Data sources and study population
This study analyzed data from the 4th and 5th Korean Working Conditions Surveys (KWCS) conducted by the Korea Occupational Safety and Health Agency. The KWCS is a nationwide survey that has been conducted since 2006 to investigate the overall working environment and work-related exposure to hazardous elements, and to provide preliminary data for establishing policies to improve working conditions. The participants of the KWCS were an economically active population aged 15 years or older. The 4th KWCS examined 50,007 workers in 2014, and the 5th KWCS examined 50,205 workers in 2017.
Of the total 100,212 workers, 109 individuals aged under 18 were excluded, as were 33,690 self-employed or unpaid family workers, and 11,212 people who did not respond at least one of the questionnaires used in this study (Fig. 1).
Fig. 1

Flow chart of the selection of study subjects.

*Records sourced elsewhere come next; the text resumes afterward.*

lemma path_le_cmp_left:
  assumes "a \<in> L" "s a = r x" "x \<preceq> y"
  shows "cmp a x \<preceq> cmp a y"
proof -
  obtain b where "x \<in> L" "b \<in> L" "s x = r b" "y = cmp x b" using assms(3) by (rule path_leE)
  then show ?thesis using assms(1,2) unfolding path_le_def by (metis cmp_assoc cmp_props)
qed

lemma path_le_trans:
  assumes "x \<preceq> y" "y \<preceq> z"
  shows "x \<preceq> z"
proof -
  obtain a b where "x \<in> L" "a \<in> L" "s x = r a" "y = cmp x a" "b \<in> L" "s y = r b" "z = cmp y b"
    using assms by (auto elim!: path_leE)
  then show ?thesis
    unfolding path_le_def by (metis cmp_assoc cmp_props)
qed

lemma Qle_path_le_degree: "x \<preceq> y \<Longrightarrow> Qle P (d x) (d y)"
  unfolding Qle_def by (auto elim!: path_leE simp: cmp_props d_in)

lemma path_le_of_degree:
  assumes "y \<in> L" "l \<in> P" "Qle P l (d y)"
  obtains x where "d x = l" "x \<preceq> y"
  using assms factorisation_exists[OF assms(1) _ assms(2)] path_le_cmp
  unfolding Qle_def by metis

lemma path_le_if_Qle_degree:
  assumes "x \<preceq> z" "y \<preceq> z" "Qle P (d x) (d y)"
  shows "x \<preceq> y"
proof -
  obtain b c where b: "x \<in> L" "b \<in> L" "s x = r b" "z = cmp x b"
    and c: "y \<in> L" "c \<in> L" "s y = r c" "z = cmp y c"
    using assms(1,2) by (auto elim!: path_leE)
  obtain w where "w \<in> P" "d y = d x + w" using assms(3) unfolding Qle_def by blast
  then obtain x' b' where x': "x' \<in> L" "b' \<in> L" "s x' = r b'" "d x' = d x" "y = cmp x' b'"
    using factorisation_exists[OF c(1) _ d_in[OF b(1)]] by metis
  have "z = cmp x' (cmp b' c)"
    using c x' cmp_assoc cmp_props(3) by metis
  then have "x' = x"
    using factorisation_unique(1)[OF x'(1) cmp_props(1)[OF x'(2) c(2)] _ b(1-3)] b(4) x' c
    by (simp add: cmp_props)
  then show ?thesis using x' path_le_cmp by blast
qed

text \<open>The path \<open>cmp nu al\<close> is the initial segment of \<open>xi\<close> whose degree is the least upper
  bound of \<open>d nu\<close> and \<open>d mu\<close>; unique factorisation makes it an upper bound of both.\<close>

lemma extension_through_lub:
  assumes nu: "nu \<in> L" "ga \<in> L" "s nu = r ga"
    and le: "cmp nu ga \<preceq> xi" "mu \<preceq> xi"
  obtains al where "al \<in> L" "r al = s nu" "Qlub P (d nu) (d mu) (d nu + d al)"
    "mu \<preceq> cmp nu al" "common_upper_bound TL r s cmp L ga al"
proof -
  have nu_xi: "nu \<preceq> xi" using path_le_trans[OF path_le_cmp[OF nu] le(1)] .
  obtain l where l: "Qlub P (d nu) (d mu) l"
    using Qlub_exists[OF quasi_lattice Qle_path_le_degree[OF nu_xi] Qle_path_le_degree[OF le(2)]]
    by blast
  then have "Qle P l (d xi)" "Qle P (d nu) l" "Qle P (d mu) l"
    using Qle_path_le_degree[OF nu_xi] Qle_path_le_degree[OF le(2)] unfolding Qlub_def by blast+
  moreover from this(2) have "l \<in> P" unfolding Qle_def using P_add d_in[OF nu(1)] by blast
  ultimately obtain ze where ze: "d ze = l" "ze \<preceq> xi"
    using path_le_of_degree[OF path_le_in[OF le(2)]] by blast
  have "nu \<preceq> ze" "mu \<preceq> ze"
    using path_le_if_Qle_degree nu_xi le(2) ze \<open>Qle P (d nu) l\<close> \<open>Qle P (d mu) l\<close> by blast+
  then obtain al where al: "al \<in> L" "s nu = r al" "ze = cmp nu al" by (auto elim: path_leE)
  obtain c where c: "c \<in> L" "s ze = r c" "xi = cmp ze c" using ze(2) by (auto elim: path_leE)
  obtain a where a: "a \<in> L" "s ga = r a" "xi = cmp (cmp nu ga) a"
    using le(1) by (auto elim: path_leE simp: cmp_props nu)
  have "cmp nu (cmp ga a) = cmp nu (cmp al c)"
    using a c al nu by (metis cmp_assoc cmp_props(3))
  then have "cmp ga a = cmp al c"
    using cmp_left_cancel nu a c al by (metis cmp_props(1,2,3))
  then have "common_upper_bound TL r s cmp L ga al"
    unfolding common_upper_bound_def using a c al nu
    by (metis cmp_props path_le_cmp)
  moreover have "Qlub P (d nu) (d mu) (d nu + d al)"
    using l ze al nu cmp_props(4) by metis
  ultimately show ?thesis
    using that al ze \<open>mu \<preceq> ze\<close> by metis
qed

definition extensions :: "'l set \<Rightarrow> 'l set" where
  "extensions E = {xi. \<exists>mu\<in>E. mu \<preceq> xi}"

lemma closedin_degree_fibre: "closedin TL {x \<in> L. d x = k}"
proof -
  have "closedin TL {x \<in> L. d x \<in> {k} \<inter> P}"
    by (intro closedin_continuous_map_preimage[OF continuous_d]) auto
  moreover have "{x \<in> L. d x \<in> {k} \<inter> P} = {x \<in> L. d x = k}" using d_in by auto
  ultimately show ?thesis by simp
qed

lemma closedin_cmp_image:
  assumes E: "closedin TL E" and p: "p \<in> P"
  shows "closedin TL ((\<lambda>(a, b). cmp a b) `
           {(a, b) \<in> composable_pairs TL r s. d a = p \<and> d b = n \<and> a \<in> E})"
    (is "closedin TL ?H")
proof (cases "n \<in> P")
  case False
  then have "?H = {}" using d_in unfolding composable_pairs_def by auto
  then show ?thesis by (metis closedin_empty)
next
  case True
  let ?Dom = "{(a, b) \<in> composable_pairs TL r s. d a = p \<and> d b = n}"
  let ?X = "subtopology (prod_topology TL TL) ?Dom"
  have "closedin ?X {z \<in> topspace ?X. fst z \<in> E}"
    by (rule closedin_continuous_map_preimage[OF
          continuous_map_from_subtopology[OF continuous_map_fst] E])
  then have "closedin (subtopology TL {x \<in> L. d x = p + n})
      ((\<lambda>(a, b). cmp a b) ` {z \<in> topspace ?X. fst z \<in> E})"
    using homeomorphic_imp_closed_map[OF homeomorphic_cmp[OF p True]]
    unfolding closed_map_def by blast
  moreover have "{z \<in> topspace ?X. fst z \<in> E} =
      {(a, b) \<in> composable_pairs TL r s. d a = p \<and> d b = n \<and> a \<in> E}"
    unfolding composable_pairs_def by auto
  ultimately have "closedin (subtopology TL {x \<in> L. d x = p + n}) ?H" by simp
  then show ?thesis
    using closedin_trans_full closedin_degree_fibre by blast
qed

KWCS: Korean Working Conditions Survey.
aoem-34-e13-g001.jpg
Measurements

Work-related depression/anxiety

Work-related depression/anxiety was assessed using yes-or-no questions as follow, “Have you had any of the following health problems in the past 12 months?” and “[If yes] Did it happen because of your job?”. Those who answered “yes” to these consecutive questions about depression and anxiety were considered to have work-related depression/anxiety.

Workplace violence

The participants were asked whether they had experienced verbal abuse, unwanted sexual attention, or threatening or humiliating behavior during the past month, and whether the perpetrator was a client (students, patients, etc.) or a co-worker (colleague, boss, subordinate, etc.). Participants were also asked whether they had experienced physical violence, sexual harassment, bullying or harassment during the past 12 months. Those who answered “yes” to at least one of these questions were categorized as having experienced workplace violence.

Sociodemographic characteristics

Sociodemographic characteristics included sex, age (30, 30–39, 40–49, 50–59, and ≥ 60 years), educational level (below middle school graduate, high school graduate, and university graduate or higher), income (low 1/3, middle 1/3, and high 1/3), and subjective health status. Considering the wage gap over time, monthly income was classified into tertiles for both the 4th and 5th KWCS and later collected.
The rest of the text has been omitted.